lemma on_staircase_not_right:
  assumes "0 < t" "on_staircase s t X Y"
  shows "\<not> right_of_staircase s t X Y"
proof -
  obtain q r where "(r \<le> s \<and> X = q * s + r \<and> Y = (q + 1) * t) \<or>
                    (r \<le> t \<and> X = (q + 1) * s \<and> Y = (q + 1) * t + r)"
    using assms(2) unfolding on_staircase_def by blast
  then show ?thesis
  proof
    assume "r \<le> s \<and> X = q * s + r \<and> Y = (q + 1) * t"
    then show ?thesis unfolding right_of_staircase_def using assms(1) by (simp add: algebra_simps)
  next
    assume H: "r \<le> t \<and> X = (q + 1) * s \<and> Y = (q + 1) * t + r"
    then have "q + 1 \<le> Y div t" using assms(1)
      by (metis div_le_mono le_add1 nonzero_mult_div_cancel_right not_gr0)
    then have "s * (q + 1) \<le> s * (Y div t)" by (rule mult_le_mono2)
    then show ?thesis unfolding right_of_staircase_def using H by (simp add: algebra_simps)
  qed
qed

lemma north_step_onto_staircase:
  assumes s: "0 < s" and t: "0 < t"
    and right: "right_of_staircase s t X Y" and not_right: "\<not> right_of_staircase s t X (Suc Y)"
  shows "(int X, int (Suc Y)) \<in> A_points s t"
proof -
  define q where "q = Y div t"
  have "Suc Y div t \<noteq> Y div t" using right not_right unfolding right_of_staircase_def by auto
  then have q1: "Suc Y div t = Suc q" and "Suc Y mod t = 0"
    unfolding q_def using div_Suc[of Y t] by (auto split: if_splits)
  then have Y: "Suc Y = (q + 1) * t" by (metis add.commute add_0 div_mult_mod_eq mult.commute plus_1_eq_Suc)
  have "s * q < X" "X \<le> s * (q + 1)"
    using right not_right q1 unfolding right_of_staircase_def q_def by simp_all
  then have X: "X = q * s + (X - q * s)" and r: "X - q * s \<le> s" by (simp_all add: algebra_simps)
  have "A_pt s t (q * (s + t) + (X - q * s)) = (int X, int (Suc Y))"
    using A_pt_horizontal[OF s t r, of q] X Y by simp
  then show ?thesis unfolding A_points_def by (metis rangeI)
qed

section \<open>Paths starting at (1,i) and their first hit of the staircase\<close>

lemma path_pt_from_1:
  "path_pt (1, int i) ws m = (int (Suc (count_list (take m ws) False)), int (i + count_list (take m ws) True))"
  by (simp add: path_pt_def)

definition ends_right :: "nat \<Rightarrow> nat \<Rightarrow> nat \<Rightarrow> bool list \<Rightarrow> bool" where
  "ends_right s t i w \<longleftrightarrow>
     right_of_staircase s t (Suc (count_list w False)) (i + count_list w True)"

definition approach :: "nat \<Rightarrow> nat \<Rightarrow> nat \<Rightarrow> bool list \<Rightarrow> bool" where
  "approach s t i u \<longleftrightarrow> (\<forall>k\<le>length u. ends_right s t i (take k u)) \<and> \<not> ends_right s t i (u @ [True])"

lemma ends_right_Nil: "i < t \<Longrightarrow> ends_right s t i []"
  by (simp add: ends_right_def right_of_staircase_def)

lemma staircase_point_not_right:
  assumes "0 < s" "0 < t" "path_pt (1, int i) ws m \<in> A_points s t"
  shows "\<not> ends_right s t i (take m ws)"
  using on_staircase_not_right[OF assms(2) A_points_on_staircase[OF assms(1,2)]] assms(3)
  unfolding path_pt_from_1 ends_right_def by simp

text \<open>An east step keeps a path to the right of the staircase, so it can only be left
  by a north step, which then lands on the staircase.\<close>

lemma leaving_right_region:
  assumes "0 < s" "0 < t" "m < length ws"
    and "ends_right s t i (take m ws)" "\<not> ends_right s t i (take (Suc m) ws)"
  shows "ws ! m \<and> path_pt (1, int i) ws (Suc m) \<in> A_points s t"
proof -
  have take_Suc: "take (Suc m) ws = take m ws @ [ws ! m]"
    using assms(3) by (simp add: take_Suc_conv_app_nth)
  have north: "ws ! m"
  proof (rule ccontr)
    assume "\<not> ws ! m"
    then show False using assms(4,5) unfolding take_Suc ends_right_def right_of_staircase_def by simp
  qed
  then have "right_of_staircase s t (Suc (count_list (take m ws) False)) (i + count_list (take m ws) True)"
    "\<not> right_of_staircase s t (Suc (count_list (take m ws) False)) (Suc (i + count_list (take m ws) True))"
    using assms(4,5) unfolding take_Suc ends_right_def by simp_all
  then have "(int (Suc (count_list (take m ws) False)), int (Suc (i + count_list (take m ws) True)))
      \<in> A_points s t"
    by (rule north_step_onto_staircase[OF assms(1,2)])
  then show ?thesis using north unfolding path_pt_from_1 take_Suc by simp
qed

lemma approach_hits:
  assumes "0 < s" "0 < t" "ws = u @ True # P" "approach s t i u"
  shows "path_pt (1, int i) ws (Suc (length u)) \<in> A_points s t"
proof -
  have "ends_right s t i (take (length u) ws)" "\<not> ends_right s t i (take (Suc (length u)) ws)"
    using assms(3,4) unfolding approach_def by (simp_all, metis order_refl take_all)
  then show ?thesis using leaving_right_region[OF assms(1,2)] assms(3) by simp
qed

lemma first_hit_at:
  assumes "0 < s" "0 < t" "m \<le> length ws" "path_pt (1, int i) ws m \<in> A_points s t"
    and "\<forall>k<m. ends_right s t i (take k ws)"
  shows "first_hit s t (1, int i) ws = path_pt (1, int i) ws m"
proof -
  have "(LEAST m. m \<le> length ws \<and> path_pt (1, int i) ws m \<in> A_points s t) = m"
  proof (rule Least_equality)
    fix y assume "y \<le> length ws \<and> path_pt (1, int i) ws y \<in> A_points s t"
    then show "m \<le> y" using staircase_point_not_right[OF assms(1,2)] assms(5) by (meson not_le)
  qed (use assms(3,4) in simp)
  then show ?thesis unfolding first_hit_def by simp
qed

lemma meets_staircase_iff:
  assumes s: "0 < s" and t: "0 < t" and i: "i < t"
  shows "path_points (1, int i) ws \<inter> A_points s t \<noteq> {} \<longleftrightarrow>
         (\<exists>u P. ws = u @ True # P \<and> approach s t i u)"
proof
  assume "path_points (1, int i) ws \<inter> A_points s t \<noteq> {}"
  then obtain m where m: "m \<le> length ws" "path_pt (1, int i) ws m \<in> A_points s t"
    unfolding path_points_def by blast
  define m0 where "m0 = (LEAST m. m \<le> length ws \<and> \<not> ends_right s t i (take m ws))"
  have m0: "m0 \<le> length ws" "\<not> ends_right s t i (take m0 ws)"
    using LeastI[of "\<lambda>m. m \<le> length ws \<and> \<not> ends_right s t i (take m ws)" m]
      m staircase_point_not_right[OF s t m(2)] unfolding m0_def by auto
  have before: "ends_right s t i (take k ws)" if "k < m0" for k
    using not_less_Least[OF that[unfolded m0_def]] that m0(1) unfolding m0_def by auto
  obtain m1 where m1: "m0 = Suc m1"
    using m0(2) ends_right_Nil[OF i] by (cases m0) auto
  then have "ws ! m1"
    using leaving_right_region[OF s t _ before[of m1]] m0 by simp
  then have "ws = take m1 ws @ True # drop m0 ws" and "take m0 ws = take m1 ws @ [True]"
    using m0(1) m1 id_take_nth_drop[of m1 ws] by (simp_all add: take_Suc_conv_app_nth)
  moreover have "approach s t i (take m1 ws)"
    unfolding approach_def using before m0(2) m1 \<open>take m0 ws = _\<close> by (simp add: min_def)
  ultimately show "\<exists>u P. ws = u @ True # P \<and> approach s t i u" by blast
next
  assume "\<exists>u P. ws = u @ True # P \<and> approach s t i u"
  then obtain u P where ws: "ws = u @ True # P" and "approach s t i u" by blast
  then have "path_pt (1, int i) ws (Suc (length u)) \<in> A_points s t"
    using approach_hits[OF s t] by blast
  moreover have "Suc (length u) \<le> length ws" unfolding ws by simp
  ultimately show "path_points (1, int i) ws \<inter> A_points s t \<noteq> {}"
    unfolding path_points_def by blast
qed

lemma first_hit_approach:
  assumes "0 < s" "0 < t" "ws = u @ True # P" "approach s t i u"
  shows "first_hit s t (1, int i) ws = (int (Suc (count_list u False)), int (i + Suc (count_list u True)))"
proof -
  have "\<forall>k<Suc (length u). ends_right s t i (take k ws)"
    using assms(3,4) unfolding approach_def by simp
  moreover have "path_pt (1, int i) ws (Suc (length u)) \<in> A_points s t"
    using approach_hits[OF assms] .
  ultimately have "first_hit s t (1, int i) ws = path_pt (1, int i) ws (Suc (length u))"
    using first_hit_at[OF assms(1,2)] assms(3) by simp
  then show ?thesis unfolding path_pt_from_1 assms(3) by simp
qed

definition hit_split :: "nat \<Rightarrow> nat \<Rightarrow> nat \<Rightarrow> nat \<Rightarrow> bool list \<Rightarrow> bool" where
  "hit_split s t j i u \<longleftrightarrow> approach s t i u \<and> Suc (count_list u False) mod s = j mod s"

lemma U_condition_iff:
  assumes "0 < s" "0 < t" "i < t"
  shows "(path_points (1, int i) ws \<inter> A_points s t \<noteq> {} \<and>
          fst (first_hit s t (1, int i) ws) mod int s = int j mod int s) \<longleftrightarrow>
         (\<exists>u P. ws = u @ True # P \<and> hit_split s t j i u)"
proof -
  have "fst (first_hit s t (1, int i) ws) mod int s = int j mod int s \<longleftrightarrow>
        Suc (count_list u False) mod s = j mod s" if "ws = u @ True # P" "approach s t i u" for u P
    unfolding first_hit_approach[OF assms(1,2) that] fst_conv zmod_int[symmetric] by simp
  then show ?thesis using meets_staircase_iff[OF assms] unfolding hit_split_def by blast
qed

section \<open>Reflecting the approach\<close>

text \<open>Reversing the approach u of a path in U_j (and reading it from its end) turns
  the condition "strictly right of the staircase" into "strictly left of the
  boundary b \<mapsto> s (b div t) + j", and the hit of the staircase into the first passage
  through that boundary.\<close>

definition staircase_boundary :: "nat \<Rightarrow> nat \<Rightarrow> nat \<Rightarrow> nat \<Rightarrow> nat" where
  "staircase_boundary s t j b = s * (b div t) + j"

lemma div_reflect:
  fixes t k y :: nat
  assumes "0 < t" "y < k * t"
  shows "(k * t - 1 - y) div t = k - 1 - y div t"
proof -
  define q r where "q = y div t" and "r = y mod t"
  have y: "y = q * t + r" and r: "r < t" unfolding q_def r_def using assms(1) by simp_all
  have "q < k" using assms(2) y by (metis add_lessD1 mult_less_cancel2)
  then have "q * t + 1 * t \<le> k * t" by (metis add_mult_distrib mult_le_mono1 Suc_leI Suc_eq_plus1)
  moreover have "(k - 1 - q) * t = k * t - 1 * t - q * t" by (simp add: diff_mult_distrib)
  ultimately have "k * t - 1 - y = (t - 1 - r) + (k - 1 - q) * t" using y r by linarith
  then have "(k * t - 1 - y) div t = (k - 1 - q) + (t - 1 - r) div t" using assms(1) by simp
  then show ?thesis using r unfolding q_def by simp
qed

text \<open>The key arithmetic: with k t the height reached after the hit and
  s (k-1) + j its abscissa, a point (1+a, i+b) of the approach lies right of the
  staircase iff the corresponding point (e-a, nu-b) of the reflection lies left of
  the boundary.\<close>

lemma reflect_right_iff:
  fixes s t k i b a e nu j :: nat
  assumes "0 < t" "i + nu + 1 = k * t" "e + 1 = s * (k - 1) + j" "b \<le> nu" "a \<le> e" "1 \<le> j"
  shows "s * ((i + b) div t) \<le> a \<longleftrightarrow> e - a < s * ((nu - b) div t) + j"
proof -
  define q where "q = (i + b) div t"
  have y: "i + b < k * t" using assms(2,4) by linarith
  have "nu - b = k * t - 1 - (i + b)" using assms(2,4) by linarith
  then have d: "(nu - b) div t = k - 1 - q" unfolding q_def using div_reflect[OF assms(1) y] by simp
  have "q < k" unfolding q_def using y by (metis less_mult_imp_div_less)
  then have "s * q \<le> s * (k - 1)" by (intro mult_le_mono2) simp
  moreover have "s * (k - 1 - q) = s * (k - 1) - s * q" by (simp add: diff_mult_distrib2)
  ultimately show ?thesis unfolding d q_def[symmetric] using assms(3,5) by linarith
qed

+ + +

Reproduce verbatim only the segment of the listing bounded by the line containing "m) ws = take" and the line containing "ws) False)) (Suc", with both boundary lines included.

• **Response to this exercise**
  have take_Suc: "take (Suc m) ws = take m ws @ [ws ! m]"
    using assms(3) by (simp add: take_Suc_conv_app_nth)
  have north: "ws ! m"
  proof (rule ccontr)
    assume "\<not> ws ! m"
    then show False using assms(4,5) unfolding take_Suc ends_right_def right_of_staircase_def by simp
  qed
  then have "right_of_staircase s t (Suc (count_list (take m ws) False)) (i + count_list (take m ws) True)"
    "\<not> right_of_staircase s t (Suc (count_list (take m ws) False)) (Suc (i + count_list (take m ws) True))"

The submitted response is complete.